Evita Goze, photographer and curator at ISSP Gallery, Riga:
Being a photographer from anywhere that isn’t the West can be a double-edged sword. If your work is similar in subject matter to the projects being shot in your country by foreign photographers, it’s likely that your images will be called cliché. If your photographs are influenced by what your Western peers post on Instagram, you’ll be told that you’ve lost your own identity. With that in mind, the most important thing is to make work about whatever is important for you, excites you, troubles you, or keeps your interest. Secondly, you should look at how other artists (not necessarily photographers) have treated your subject matter. I think that the only way to recognise overused tropes in photography is to spend time looking at other people’s work.

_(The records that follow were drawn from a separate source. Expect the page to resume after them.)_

(* Let $a\ge 2$ be an even integer. For every integer $n\ge 1$, the generalized Fermat number $F_n^{(a)}=a^{2^{n-1}}+1$ is primover to base $a$.
   Context: For an integer $a>1$ and an odd integer $n>1$ with $\gcd(a,n)=1$: $h_a(n)$ denotes the multiplicative order of $a$ modulo $n$. A cyclotomic coset of $a$ modulo $n$ is a set of the form $\{\, s a^j \bmod n : j\ge 0\,\}$ with $s\in\{1,\dots,n-1\}$; these cosets partition $\{1,\dots,n-1\}$, and $r_a(n)$ denotes the number of distinct cyclotomic cosets of $a$ modulo $n$. An odd composite number $n$ coprime to $a$ is called an overpseudoprime to base $a$ if $n=r_a(n)\,h_a(n)+1$. An integer $N>1$ is called primover to base $a$ if it is either prime or an overpseudoprime to base $a$. *)

theory Defs
  imports "HOL-Number_Theory.Number_Theory"
begin

definition h_ord :: "nat \<Rightarrow> nat \<Rightarrow> nat" where
  "h_ord a n = ord n a"

definition cyc_coset :: "nat \<Rightarrow> nat \<Rightarrow> nat \<Rightarrow> nat set" where
  "cyc_coset a n s = {(s * a ^ j) mod n | j. True}"

definition r_num :: "nat \<Rightarrow> nat \<Rightarrow> nat" where
  "r_num a n = card (cyc_coset a n ` {1..n-1})"

definition overpseudoprime :: "nat \<Rightarrow> nat \<Rightarrow> bool" where
  "overpseudoprime a n \<longleftrightarrow> odd n \<and> n > 1 \<and> \<not> prime n \<and> coprime a n
      \<and> n = r_num a n * h_ord a n + 1"

definition primover :: "nat \<Rightarrow> nat \<Rightarrow> bool" where
  "primover a N \<longleftrightarrow> N > 1 \<and> (prime N \<or> overpseudoprime a N)"

end

theory Submission
  imports Defs
begin

(*
  (1) Order of a modulo divisors of a generalized Fermat number: for every odd
      divisor M > 1 of a^(2^k) + 1 the order of a modulo M is exactly 2^(k+1).
      Since N is odd, every divisor M > 1 of N has the same order as N itself.

  (2) Counting cyclotomic cosets, for any N > 1 coprime to a: the coset of s
      has ord_{N / gcd(s,N)}(a) elements, and the cosets of 1, ..., N-1
      partition {1..N-1}.  Hence if a has the same order h modulo every divisor
      M > 1 of N, all cosets have h elements and N - 1 = r_a(N) * h.
*)

section \<open>The order of a modulo divisors of a^(2^k) + 1\<close>

text \<open>Any odd divisor M > 1 of a^(2^k) + 1 sees a as an element of order
  exactly 2^(k+1): a^(2^k) is congruent to -1, which is not 1 modulo M.\<close>

lemma ord_dvd_generalized_fermat:
  fixes a M k :: nat
  assumes "M > 1" and "odd M" and M_dvd: "M dvd a ^ (2 ^ k) + 1"
  shows "ord M a = 2 ^ Suc k"
proof -
  let ?m = "(2::nat) ^ k"
  have "int M dvd int (a ^ ?m + 1)"
    using M_dvd by (simp only: int_dvd_int_iff)
  hence minus_one: "[int a ^ ?m = -1] (mod int M)"
    by (simp add: cong_iff_dvd_diff add.commute)
  have "[(int a ^ ?m) ^ 2 = (-1) ^ 2] (mod int M)"
    using minus_one by (rule cong_pow)
  hence "[int (a ^ 2 ^ Suc k) = int 1] (mod int M)"
    by (simp flip: power_mult add: mult.commute)
  hence "[a ^ 2 ^ Suc k = 1] (mod M)"
    by (simp only: cong_int_iff)
  hence "ord M a dvd 2 ^ Suc k"
    by (simp add: ord_divides')
  then obtain i where i: "i \<le> Suc k" "ord M a = 2 ^ i"
    using divides_primepow_nat[OF two_is_prime_nat] by blast
  have not_one: "\<not> [a ^ ?m = 1] (mod M)"
  proof
    assume "[a ^ ?m = 1] (mod M)"
    hence "[a ^ ?m + 1 = 1 + 1] (mod M)"
      by (rule cong_add) (rule cong_refl)
    moreover have "[a ^ ?m + 1 = 0] (mod M)"
      using M_dvd by (simp add: cong_0_iff)
    ultimately have "[1 + 1 = 0] (mod M)"
      by (blast intro: cong_trans cong_sym)
    hence "M dvd 1 + 1"
      by (simp only: cong_0_iff)
    hence "M \<le> 1 + 1"
      by (rule dvd_imp_le) simp
    thus False
      using \<open>M > 1\<close> \<open>odd M\<close> by (simp add: le_Suc_eq)
  qed
  have "\<not> i \<le> k"
  proof
    assume "i \<le> k"
    hence "ord M a dvd ?m"
      using i by (simp add: le_imp_power_dvd)
    thus False
      using not_one by (simp add: ord_divides')
  qed
  hence "i = Suc k"
    using i(1) by simp
  thus ?thesis
    using i(2) by simp
qed

section \<open>Sizes of cyclotomic cosets\<close>

lemma cong_mult_cancel_gcd_nat:
  fixes s x y N :: nat
  assumes "s > 0"
  shows "[s * x = s * y] (mod N) \<longleftrightarrow> [x = y] (mod N div gcd s N)"
proof -
  define d where "d = gcd s N"
  define s' where "s' = s div d"
  define M where "M = N div d"
  have "d > 0"
    using assms by (simp add: d_def)
  have s: "s = d * s'" and N: "N = d * M"
    by (simp_all add: d_def s'_def M_def)
  have "coprime s' M"
    using div_gcd_coprime[of s N] assms by (simp add: d_def s'_def M_def)
  have "[s * x = s * y] (mod N) \<longleftrightarrow> d * (s' * x mod M) = d * (s' * y mod M)"
    unfolding s N cong_def mult_mod_right mult.assoc ..
  also have "\<dots> \<longleftrightarrow> [s' * x = s' * y] (mod M)"
    using \<open>d > 0\<close> by (simp add: cong_def)
  also have "\<dots> \<longleftrightarrow> [x = y] (mod M)"
    using \<open>coprime s' M\<close> by (rule cong_mult_lcancel_nat)
  finally show ?thesis
    by (simp add: M_def d_def)
qed

text \<open>The coset of s modulo N has exactly ord_{N / gcd(s,N)}(a) elements:
  s a^i and s a^j agree modulo N iff i and j agree modulo that order.\<close>

lemma card_cyc_coset:
  fixes a N s :: nat
  assumes "coprime a N" and "s > 0"
  shows "card (cyc_coset a N s) = ord (N div gcd s N) a"
proof -
  define M where "M = N div gcd s N"
  define h where "h = ord M a"
  define f where "f = (\<lambda>j. s * a ^ j mod N)"
  have "N = gcd s N * M"
    by (simp add: M_def)
  hence "coprime M a"
    using assms(1) by (metis coprime_commute coprime_mult_right_iff)
  hence "h > 0"
    by (simp add: h_def)
  have f_eq: "f i = f j \<longleftrightarrow> [i = j] (mod h)" for i j
  proof -
    have "f i = f j \<longleftrightarrow> [a ^ i = a ^ j] (mod M)"
      using cong_mult_cancel_gcd_nat[OF assms(2)] by (simp add: f_def cong_def M_def)
    also have "\<dots> \<longleftrightarrow> [i = j] (mod h)"
      using \<open>coprime M a\<close> by (simp add: order_divides_expdiff h_def)
    finally show ?thesis .
  qed
  have "cyc_coset a N s = range f"
    by (auto simp: cyc_coset_def f_def)
  also have "\<dots> = f ` {..<h}"
  proof (intro equalityI subsetI)
    fix x assume "x \<in> range f"
    then obtain j where "x = f j" by blast
    moreover have "f j = f (j mod h)"
      using f_eq by (simp add: cong_def)
    moreover have "j mod h < h"
      using \<open>h > 0\<close> by simp
    ultimately show "x \<in> f ` {..<h}" by blast
  qed auto
  finally have coset: "cyc_coset a N s = f ` {..<h}" .
  have "inj_on f {..<h}"
    by (intro inj_onI) (auto simp: f_eq cong_def)
  thus ?thesis
    using coset by (simp add: card_image h_def M_def)
qed

lemma cyc_coset_trans:
  assumes "x \<in> cyc_coset a N s"
  shows "cyc_coset a N x \<subseteq> cyc_coset a N s"
proof
  fix y assume "y \<in> cyc_coset a N x"
  then obtain j where y: "y = x * a ^ j mod N"
    by (auto simp: cyc_coset_def)
  obtain i where x: "x = s * a ^ i mod N"
    using assms by (auto simp: cyc_coset_def)
  have "y = s * a ^ (i + j) mod N"
    using x y by (simp add: mod_mult_left_eq power_add mult.assoc)
  thus "y \<in> cyc_coset a N s"
    unfolding cyc_coset_def by blast
qed

context
  fixes a N :: nat
  assumes coprime_aN: "coprime a N" and N_gt_1: "N > 1"
begin

text \<open>Since a is a unit modulo N, multiplying by powers of a never produces 0.\<close>

lemma cyc_coset_subset:
  assumes "s \<in> {1..N-1}"
  shows "cyc_coset a N s \<subseteq> {1..N-1}"
proof
  fix x assume "x \<in> cyc_coset a N s"
  then obtain j where x: "x = s * a ^ j mod N"
    by (auto simp: cyc_coset_def)
  have "\<not> N dvd s"
    using assms by (auto dest: dvd_imp_le)
  moreover have "coprime N (a ^ j)"
    using coprime_aN by (simp add: coprime_commute)
  ultimately have "\<not> N dvd s * a ^ j"
    by (simp add: coprime_dvd_mult_left_iff)
  thus "x \<in> {1..N-1}"
    using x N_gt_1 by (auto simp: dvd_eq_mod_eq_0 less_Suc_eq_le[symmetric])
qed

lemma cyc_coset_self:
  assumes "s < N"
  shows "s \<in> cyc_coset a N s"
proof -
  have "s = s * a ^ 0 mod N"
    using assms by simp
  thus ?thesis
    unfolding cyc_coset_def by blast
qed

text \<open>The cosets are orbits: every member of a coset generates the same coset.
  The inclusion back uses a^(ord_N(a)) = 1 modulo N to invert powers of a.\<close>

lemma cyc_coset_eq:
  assumes "x \<in> cyc_coset a N s" and "s < N"
  shows "cyc_coset a N x = cyc_coset a N s"
proof -
  obtain i where x: "x = s * a ^ i mod N"
    using assms(1) by (auto simp: cyc_coset_def)
  have shift: "x * a ^ j mod N = s * a ^ (i + j) mod N" for j
    using x by (simp add: mod_mult_left_eq power_add mult.assoc)
  define h where "h = ord N a"
  have "h > 0"
    using coprime_aN by (simp add: h_def coprime_commute)
  have "[a ^ (h * i) = 1 ^ i] (mod N)"
    unfolding power_mult h_def by (intro cong_pow ord)
  hence "[s * a ^ (i + i * (h - 1)) = s * 1] (mod N)"
    using \<open>h > 0\<close> by (intro cong_mult cong_refl) (simp add: algebra_simps)
  hence "s = x * a ^ (i * (h - 1)) mod N"
    using assms(2) by (simp add: shift cong_def)
  hence "s \<in> cyc_coset a N x"
    unfolding cyc_coset_def by blast
  thus ?thesis
    using assms(1) by (intro equalityI cyc_coset_trans)
qed

text \<open>If all cosets have the same size h, the partition of {1..N-1} into
  r_a(N) cosets gives N - 1 = r_a(N) * h.\<close>

lemma r_num_uniform_coset_size:
  assumes size: "\<And>s. s \<in> {1..N-1} \<Longrightarrow> card (cyc_coset a N s) = h"
  shows "N = r_num a N * h + 1"
proof -
  let ?C = "cyc_coset a N ` {1..N-1}"
  have union: "\<Union>?C = {1..N-1}"
  proof
    show "\<Union>?C \<subseteq> {1..N-1}"
      using cyc_coset_subset by blast
    show "{1..N-1} \<subseteq> \<Union>?C"
    proof
      fix s assume "s \<in> {1..N-1}"
      moreover have "s \<in> cyc_coset a N s"
        using \<open>s \<in> {1..N-1}\<close> N_gt_1 by (intro cyc_coset_self) auto
      ultimately show "s \<in> \<Union>?C" by blast
    qed
  qed
  have disjoint: "c1 \<inter> c2 = {}"
    if c1: "c1 \<in> ?C" and c2: "c2 \<in> ?C" and distinct: "c1 \<noteq> c2" for c1 c2
  proof (rule ccontr)
    assume "c1 \<inter> c2 \<noteq> {}"
    then obtain x where x: "x \<in> c1" "x \<in> c2" by blast
    obtain s t where s: "s \<in> {1..N-1}" "c1 = cyc_coset a N s"
      and t: "t \<in> {1..N-1}" "c2 = cyc_coset a N t"
      using c1 c2 by blast
    have "s < N" "t < N"
      using s(1) t(1) N_gt_1 by auto
    hence "c1 = cyc_coset a N x" "c2 = cyc_coset a N x"
      using cyc_coset_eq[of x s] cyc_coset_eq[of x t] x s(2) t(2) by simp_all
    thus False
      using distinct by simp
  qed
  have "h * card ?C = card (\<Union>?C)"
  proof (rule card_partition)
    show "finite ?C" by simp
    show "finite (\<Union>?C)" unfolding union by simp
    show "card c = h" if "c \<in> ?C" for c
      using that size by blast
    show "c1 \<inter> c2 = {}" if "c1 \<in> ?C" "c2 \<in> ?C" "c1 \<noteq> c2" for c1 c2
      using that by (rule disjoint)
  qed
  also have "\<dots> = N - 1"
    unfolding union by simp
  finally show ?thesis
    using N_gt_1 by (simp add: r_num_def mult.commute)
qed

lemma r_num_uniform_order:
  assumes same_ord: "\<And>M. M > 1 \<Longrightarrow> M dvd N \<Longrightarrow> ord M a = ord N a"
  shows "N = r_num a N * h_ord a N + 1"
proof (rule r_num_uniform_coset_size)
  fix s assume s: "s \<in> {1..N-1}"
  define g where "g = gcd s N"
  have factor: "g * (N div g) = N"
    by (simp add: g_def)
  have "g \<le> s"
    using s by (simp add: g_def gcd_le1_nat)
  hence "g < N"
    using s N_gt_1 by auto
  have "\<not> N div g \<le> 1"
  proof
    assume "N div g \<le> 1"
    hence "g * (N div g) \<le> g * 1"
      by (rule mult_le_mono2)
    thus False
      using \<open>g < N\<close> factor by simp
  qed
  moreover have "N div g dvd N"
    using factor by (metis dvd_triv_right)
  ultimately have "ord (N div g) a = ord N a"
    by (intro same_ord) simp_all
  thus "card (cyc_coset a N s) = h_ord a N"
    using card_cyc_coset[OF coprime_aN] s by (simp add: g_def h_ord_def)
qed

end

theorem theorem5:
  fixes a n :: nat
  assumes "a \<ge> 2" and "even a" and "n \<ge> 1"
  shows "primover a (a ^ (2 ^ (n - 1)) + 1)"
proof -
  define N where "N = a ^ (2 ^ (n - 1)) + 1"
  have "odd N"
    using assms(2) by (simp add: N_def)
  have "N > 1"
    using assms(1) by (simp add: N_def)
  have "coprime (a ^ 2 ^ (n - 1)) N"
    by (simp add: N_def)
  hence "coprime a N"
    by simp
  have ord_divisor: "ord M a = 2 ^ n" if "M > 1" "M dvd N" for M
  proof -
    have "odd M"
      using \<open>odd N\<close> that(2) by (blast intro: dvd_trans)
    thus ?thesis
      using ord_dvd_generalized_fermat[OF that(1) _ that(2)[unfolded N_def]] assms(3)
      by simp
  qed
  have "ord N a = 2 ^ n"
    using \<open>N > 1\<close> by (simp add: ord_divisor)
  hence "N = r_num a N * h_ord a N + 1"
    using \<open>coprime a N\<close> \<open>N > 1\<close>
    by (intro r_num_uniform_order) (simp_all add: ord_divisor)
  thus ?thesis
    using \<open>odd N\<close> \<open>N > 1\<close> \<open>coprime a N\<close>
    by (auto simp: primover_def overpseudoprime_def N_def)
qed

end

After a while you might start to realise that you are sick of certain choices repeated over and over again.
Ennis Cehic, author of New Metonyms: Bosnia & Herzegovina — A Literary Photography Book
We often come to understand places through clichés. Many time-repeated images and landmarks are the ones that make us curious and eager to travel. Clichés thus serve a purpose, but they can also be a disservice to a place. They can steep a country or a region in an image that creates an unwanted perception. I believe that many countries in Eastern Europe and the Balkans suffer from this tired and clichéd image: the post-Soviet photograph of concrete architecture is a perfect example. Is that all the region is? I think that photographers from the New East have a good understanding of what clichés and stereotypes make up their country. They know not only to avoid them, but to dismantle them entirely, because they know their country and the region to be much more nuanced and complex than a simple block of concrete flats.

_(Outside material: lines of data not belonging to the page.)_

(* Let $F=\frac19\begin{pmatrix}1&1&1\\1&1&1\\1&1&1\end{pmatrix}$ (box blur filter). Then the equation $F*X=B$ with the periodic boundary condition, for unknown $X\in\mathbb{R}^{m\times n}$, has a unique solution for every $B\in\mathbb{R}^{m\times n}$ if and only if $m,n\notin\{3l: l\in\mathbb{N}\}$.
   Context: $\mathbb{N}=\{1,2,3,\dots\}$. For $F=[f_{ij}]\in\mathbb{R}^{3\times3}$ and $X=[x_{ij}]\in\mathbb{R}^{m\times n}$, the convolution $F*X\in\mathbb{R}^{m\times n}$ is defined by $[F*X]_{ij}=\sum_{l_1=1}^3\sum_{l_2=1}^3 f_{l_1l_2}\,x_{i-l_1+2,\,j-l_2+2}$ for $1\le i\le m$, $1\le j\le n$, where the periodic boundary condition sets $x_{0j}=x_{mj}$, $x_{m+1,j}=x_{1j}$, $x_{i0}=x_{in}$, $x_{i,n+1}=x_{i1}$ (for all indices $i\in\{0,\dots,m+1\}$, $j\in\{0,\dots,n+1\}$, so corners are also determined, e.g. $x_{00}=x_{mn}$). *)

theory Defs
  imports "HOL-Analysis.Analysis"
begin

text \<open>An m x n real matrix is represented as a function int => int => real whose
  entries are indexed by 1..m, 1..n and which is zero outside that range.\<close>
definition mats :: "nat \<Rightarrow> nat \<Rightarrow> (int \<Rightarrow> int \<Rightarrow> real) set" where
  "mats m n = {X. \<forall>i j. \<not> (1 \<le> i \<and> i \<le> int m \<and> 1 \<le> j \<and> j \<le> int n) \<longrightarrow> X i j = 0}"

text \<open>Periodic index: maps 0 to m and m+1 to 1 (and generally reduces into 1..m).\<close>
definition pidx :: "nat \<Rightarrow> int \<Rightarrow> int" where
  "pidx m k = ((k - 1) mod int m) + 1"

definition conv_per :: "nat \<Rightarrow> nat \<Rightarrow> (int \<Rightarrow> int \<Rightarrow> real) \<Rightarrow> (int \<Rightarrow> int \<Rightarrow> real) \<Rightarrow> (int \<Rightarrow> int \<Rightarrow> real)" where
  "conv_per m n F X = (\<lambda>i j.
     if 1 \<le> i \<and> i \<le> int m \<and> 1 \<le> j \<and> j \<le> int n then
       (\<Sum>l1\<in>{1..3::int}. \<Sum>l2\<in>{1..3::int}.
          F l1 l2 * X (pidx m (i - l1 + 2)) (pidx n (j - l2 + 2)))
     else 0)"

definition box_filter :: "int \<Rightarrow> int \<Rightarrow> real" where
  "box_filter = (\<lambda>_ _. 1/9)"

end

theory Submission
  imports Defs
begin

text \<open>Extending an \<open>m \<times> n\<close> matrix periodically identifies \<open>mats m n\<close> with the doubly
  periodic functions on \<open>\<int>\<^sup>2\<close>, and turns the periodic box blur into the composition of the
  three-term moving average along the columns with the one along the rows. The two factors commute,
  so the blur is bijective iff both are, i.e. iff the moving average is bijective on \<open>m\<close>- and on
  \<open>n\<close>-periodic sequences. If 3 divides \<open>m\<close>, the sequence \<open>1, -1, 0, 1, -1, 0, \<dots>\<close> is a
  nonzero \<open>m\<close>-periodic sequence with vanishing averages. Otherwise \<open>3 q = p m + 1\<close> for some
  \<open>p, q\<close>, and summing the averages over every third index inverts the average explicitly.\<close>

section \<open>Bijections of a set onto itself\<close>

lemma bij_betw_iff_ex1:
  assumes "f ` A \<subseteq> A"
  shows "bij_betw f A A \<longleftrightarrow> (\<forall>b\<in>A. \<exists>!a. a \<in> A \<and> f a = b)"
proof
  assume bij: "bij_betw f A A"
  show "\<forall>b\<in>A. \<exists>!a. a \<in> A \<and> f a = b"
  proof
    fix b assume "b \<in> A"
    then have "b \<in> f ` A"
      using bij by (simp add: bij_betw_def)
    then obtain a where a: "a \<in> A" "b = f a" ..
    show "\<exists>!a. a \<in> A \<and> f a = b"
    proof (rule ex1I)
      show "a \<in> A \<and> f a = b" using a by simp
      show "a' = a" if "a' \<in> A \<and> f a' = b" for a'
        using inj_onD[OF bij_betw_imp_inj_on[OF bij]] a that by blast
    qed
  qed
next
  assume ex1: "\<forall>b\<in>A. \<exists>!a. a \<in> A \<and> f a = b"
  have "inj_on f A"
  proof (rule inj_onI)
    fix x y assume "x \<in> A" "y \<in> A" "f x = f y"
    have "f x \<in> A" using assms \<open>x \<in> A\<close> by blast
    then have "\<exists>!a. a \<in> A \<and> f a = f x"
      using ex1 by blast
    then show "x = y" using \<open>x \<in> A\<close> \<open>y \<in> A\<close> \<open>f x = f y\<close> by metis
  qed
  moreover have "A \<subseteq> f ` A"
  proof
    fix b assume "b \<in> A"
    then obtain a where "a \<in> A" "f a = b" using ex1 by blast
    then show "b \<in> f ` A" by blast
  qed
  then have "f ` A = A" using assms by (rule subset_antisym[rotated])
  ultimately show "bij_betw f A A"
    by (rule bij_betw_imageI)
qed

In Eastern Europe and the Balkans, some minorities are still fighting against systemic stereotypes that have no place in modern life, that keep them from living their full existence. There are many stories of suppressed voices just as there are rising subcultures: young people looking for justice in an age of reclamation, standing up to racism, to vilification. These are the stories that portray the wonderous hope of a people. Any photographer would be hard-pressed not to go and seek them out.

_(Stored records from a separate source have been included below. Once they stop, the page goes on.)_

section \<open>Systems whose Urabe function vanishes\<close>

locale zero_urabe_system =
  fixes V :: "real \<times> real \<Rightarrow> real \<times> real"
    and p0 p1 q0 q1 q2 :: "real poly" and \<delta> :: real
  assumes V_eq: "\<forall>x y. V (x, y) = (poly p0 x + poly p1 x * y,
                            poly q0 x + poly q1 x * y + poly q2 x * y\<^sup>2)"
    and p0_0: "poly p0 0 = 0" and q0_0: "poly q0 0 = 0"
    and ident: "\<forall>x. poly p1 x \<noteq> 0 \<longrightarrow>
           - poly (pderiv p1) x * poly p0 x / poly p1 x + poly q1 x + poly (pderiv p0) x
           - 2 * poly q2 x * poly p0 x / poly p1 x = 0"
    and \<delta>_pos: "\<delta> > 0"
    and p1_nz: "\<And>x. \<bar>x\<bar> < \<delta> \<Longrightarrow> poly p1 x \<noteq> 0"
    and urabe_ode: "\<And>x. \<bar>x\<bar> < \<delta> \<Longrightarrow>
           (urabe_g p0 p1 q0 q1 q2 has_real_derivative
              1 - urabe_f p1 q2 x * urabe_g p0 p1 q0 q1 q2 x) (at x)"
begin

abbreviation "f \<equiv> urabe_f p1 q2"
abbreviation "g \<equiv> urabe_g p0 p1 q0 q1 q2"
abbreviation "F \<equiv> urabe_F p1 q2"

definition "E x = exp (F x)"
definition "xi x = g x * E x"

text \<open>The Urabe coordinate xi is strictly increasing on [-a, a]; its inverse xinv is
  defined on the interval (-r0, r0) around 0.\<close>

definition "a = \<delta> / 2"
definition "r0 = min (- xi (- a)) (xi a)"
definition "xinv = inv_into {-a..a} xi"

lemma a_pos: "0 < a" "a < \<delta>"
  using \<delta>_pos by (auto simp: a_def)

lemma f_cont: "\<bar>x\<bar> < \<delta> \<Longrightarrow> isCont f x"
  unfolding urabe_f_def[abs_def] using p1_nz by (intro continuous_intros) auto

lemma F_deriv:
  assumes x: "\<bar>x\<bar> < \<delta>"
  shows "(F has_real_derivative f x) (at x)"
proof -
  define d where "d = (\<bar>x\<bar> + \<delta>) / 2"
  have d: "\<bar>x\<bar> < d" "d < \<delta>" using x by (auto simp: d_def)
  have "continuous_on {-d..d} f"
    using d f_cont by (intro continuous_at_imp_continuous_on) auto
  then have "(F has_vector_derivative f x) (at x within {-d..d})"
    unfolding urabe_F_def using d by (intro interval_integral_FTC2) auto
  then show ?thesis
    using d by (simp add: at_within_Icc_at has_real_derivative_iff_has_vector_derivative)
qed

lemma E_pos: "E x > 0"
  by (simp add: E_def)

lemma E_deriv: "\<bar>x\<bar> < \<delta> \<Longrightarrow> (E has_real_derivative f x * E x) (at x)"
  unfolding E_def by (auto intro!: derivative_eq_intros F_deriv)

lemma xi_deriv:
  assumes x: "\<bar>x\<bar> < \<delta>"
  shows "(xi has_real_derivative E x) (at x)"
proof -
  have "(xi has_real_derivative (1 - f x * g x) * E x + f x * E x * g x) (at x)"
    unfolding xi_def[abs_def] by (rule DERIV_mult[OF urabe_ode[OF x] E_deriv[OF x]])
  then show ?thesis by (simp add: algebra_simps)
qed

lemma xi_0: "xi 0 = 0"
  by (simp add: xi_def urabe_g_def p0_0 q0_0)

lemma xi_strict_mono: "-a \<le> x \<Longrightarrow> x < y \<Longrightarrow> y \<le> a \<Longrightarrow> xi x < xi y"
  by (rule DERIV_pos_imp_increasing) (use a_pos xi_deriv E_pos in force)+

lemma r0_pos: "r0 > 0"
  using xi_strict_mono[of "-a" 0] xi_strict_mono[of 0 a] a_pos xi_0 by (auto simp: r0_def)

lemma xinv_xi: "\<bar>x\<bar> \<le> a \<Longrightarrow> xinv (xi x) = x"
  unfolding xinv_def
  by (rule inv_into_f_f, rule strict_mono_on_imp_inj_on)
    (auto simp: strict_mono_on_def intro: xi_strict_mono)

lemma xi_xinv:
  assumes u: "\<bar>u\<bar> < r0"
  shows "\<bar>xinv u\<bar> < a" "xi (xinv u) = u"
proof -
  have "xi (-a) < u" "u < xi a" using u by (auto simp: r0_def)
  moreover have "\<forall>x. -a \<le> x \<and> x \<le> a \<longrightarrow> isCont xi x"
    using a_pos by (auto intro!: DERIV_isCont[OF xi_deriv])
  ultimately obtain x where x: "-a \<le> x" "x \<le> a" "xi x = u"
    using IVT[of xi "-a" u a] a_pos by auto
  with \<open>xi (-a) < u\<close> \<open>u < xi a\<close> have "x \<noteq> a" "x \<noteq> -a" by auto
  with x have "\<bar>x\<bar> < a" by (auto simp: abs_less_iff)
  then show "\<bar>xinv u\<bar> < a" "xi (xinv u) = u" using x xinv_xi by auto
qed

lemma xinv_deriv:
  assumes u: "\<bar>u\<bar> < r0"
  shows "(xinv has_real_derivative inverse (E (xinv u))) (at u)"
proof (rule DERIV_inverse_function[where f = xi and a = "- r0" and b = r0])
  have x: "\<bar>xinv u\<bar> < a" using xi_xinv[OF u] by simp
  then show "(xi has_real_derivative E (xinv u)) (at (xinv u))"
    using a_pos xi_deriv by simp
  have "isCont xinv (xi (xinv u))"
  proof (rule isCont_inverse_function2[where f = xi and g = xinv and x = "xinv u" and a = "-a" and b = a])
    show "-a < xinv u" "xinv u < a" using x by auto
    show "xinv (xi z) = z" if "-a \<le> z" "z \<le> a" for z
      using that xinv_xi by simp
    show "isCont xi z" if "-a \<le> z" "z \<le> a" for z
      using that a_pos by (intro DERIV_isCont[OF xi_deriv]) simp
  qed
  then show "isCont xinv u" using xi_xinv[OF u] by simp
  show "E (xinv u) \<noteq> 0" using E_pos[of "xinv u"] by simp
  show "xi (xinv y) = y" if "- r0 < y" "y < r0" for y
    using that xi_xinv(2) by simp
qed (use u in auto)

definition "Phi q = (xi (fst q), (poly p0 (fst q) + poly p1 (fst q) * snd q) * E (fst q))"
definition "Psi w = (xinv (fst w),
    (snd w / E (xinv (fst w)) - poly p0 (xinv (fst w))) / poly p1 (xinv (fst w)))"

abbreviation "strip \<equiv> {q :: real \<times> real. \<bar>fst q\<bar> < a}"

lemma open_strip: "open strip"
  by (intro open_Collect_less continuous_intros)

lemma Phi_Psi:
  assumes "\<bar>fst w\<bar> < r0"
  shows "Phi (Psi w) = w"
proof -
  have "\<bar>xinv (fst w)\<bar> < \<delta>" using xi_xinv[OF assms] a_pos by simp
  then show ?thesis
    using p1_nz E_pos[of "xinv (fst w)"] xi_xinv[OF assms]
    by (cases w) (simp add: Phi_def Psi_def field_simps)
qed

lemma Psi_Phi:
  assumes "\<bar>fst q\<bar> \<le> a"
  shows "Psi (Phi q) = q"
proof -
  have "\<bar>fst q\<bar> < \<delta>" using assms a_pos by simp
  then show ?thesis
    using p1_nz E_pos[of "fst q"] xinv_xi[OF assms]
    by (cases q) (simp add: Phi_def Psi_def field_simps)
qed

lemma Phi_0: "Phi (0, 0) = (0, 0)"
  by (simp add: Phi_def xi_0 p0_0)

Liza Premiyak, Managing Editor at The Calvert Journal:
One of the most common mistakes I see photographers make is that they jump straight into shooting. That often means that the most fascinating spaces (like cities) and uncertain times (like the very period we are living through) end up being stripped of their unpredictability. The same images appear again and again. As a photographer, resist the urge to rely on your camera to make sense of your immediate surroundings. Instead, take some time away from taking photos to explore your own evolving relationship to the place you are shooting. How do you see or experience it differently from your peers? If you’re including other people, make sure to embed their own perspectives in the story. Anyone can find an interesting location and post it on Instagram. Be curious, lean into ambiguity, and seek out accidental encounters. Crucially, ask yourself, what is the conversation I want to have with the viewer?
Elena Anosova, award-winning artist and New East Photo Prize 2020 judge:
The photo industry makes it hard to avoid clichés. Expectations are set by the market, photo competitions, and experts’ opinions. As a result, photographers often abandon their initial ideas and creative freedom. They submit the work that they think should fulfill these expectations. Many competitions do limit artistic freedom. It’s not something which is either good or bad; sometimes it can play to your advantage. I am personally interested in stories that are diverse and bold, that go beyond straight-forward photography and ask questions about their subject matter — be it a social study, a political statement, or some form of self-expression.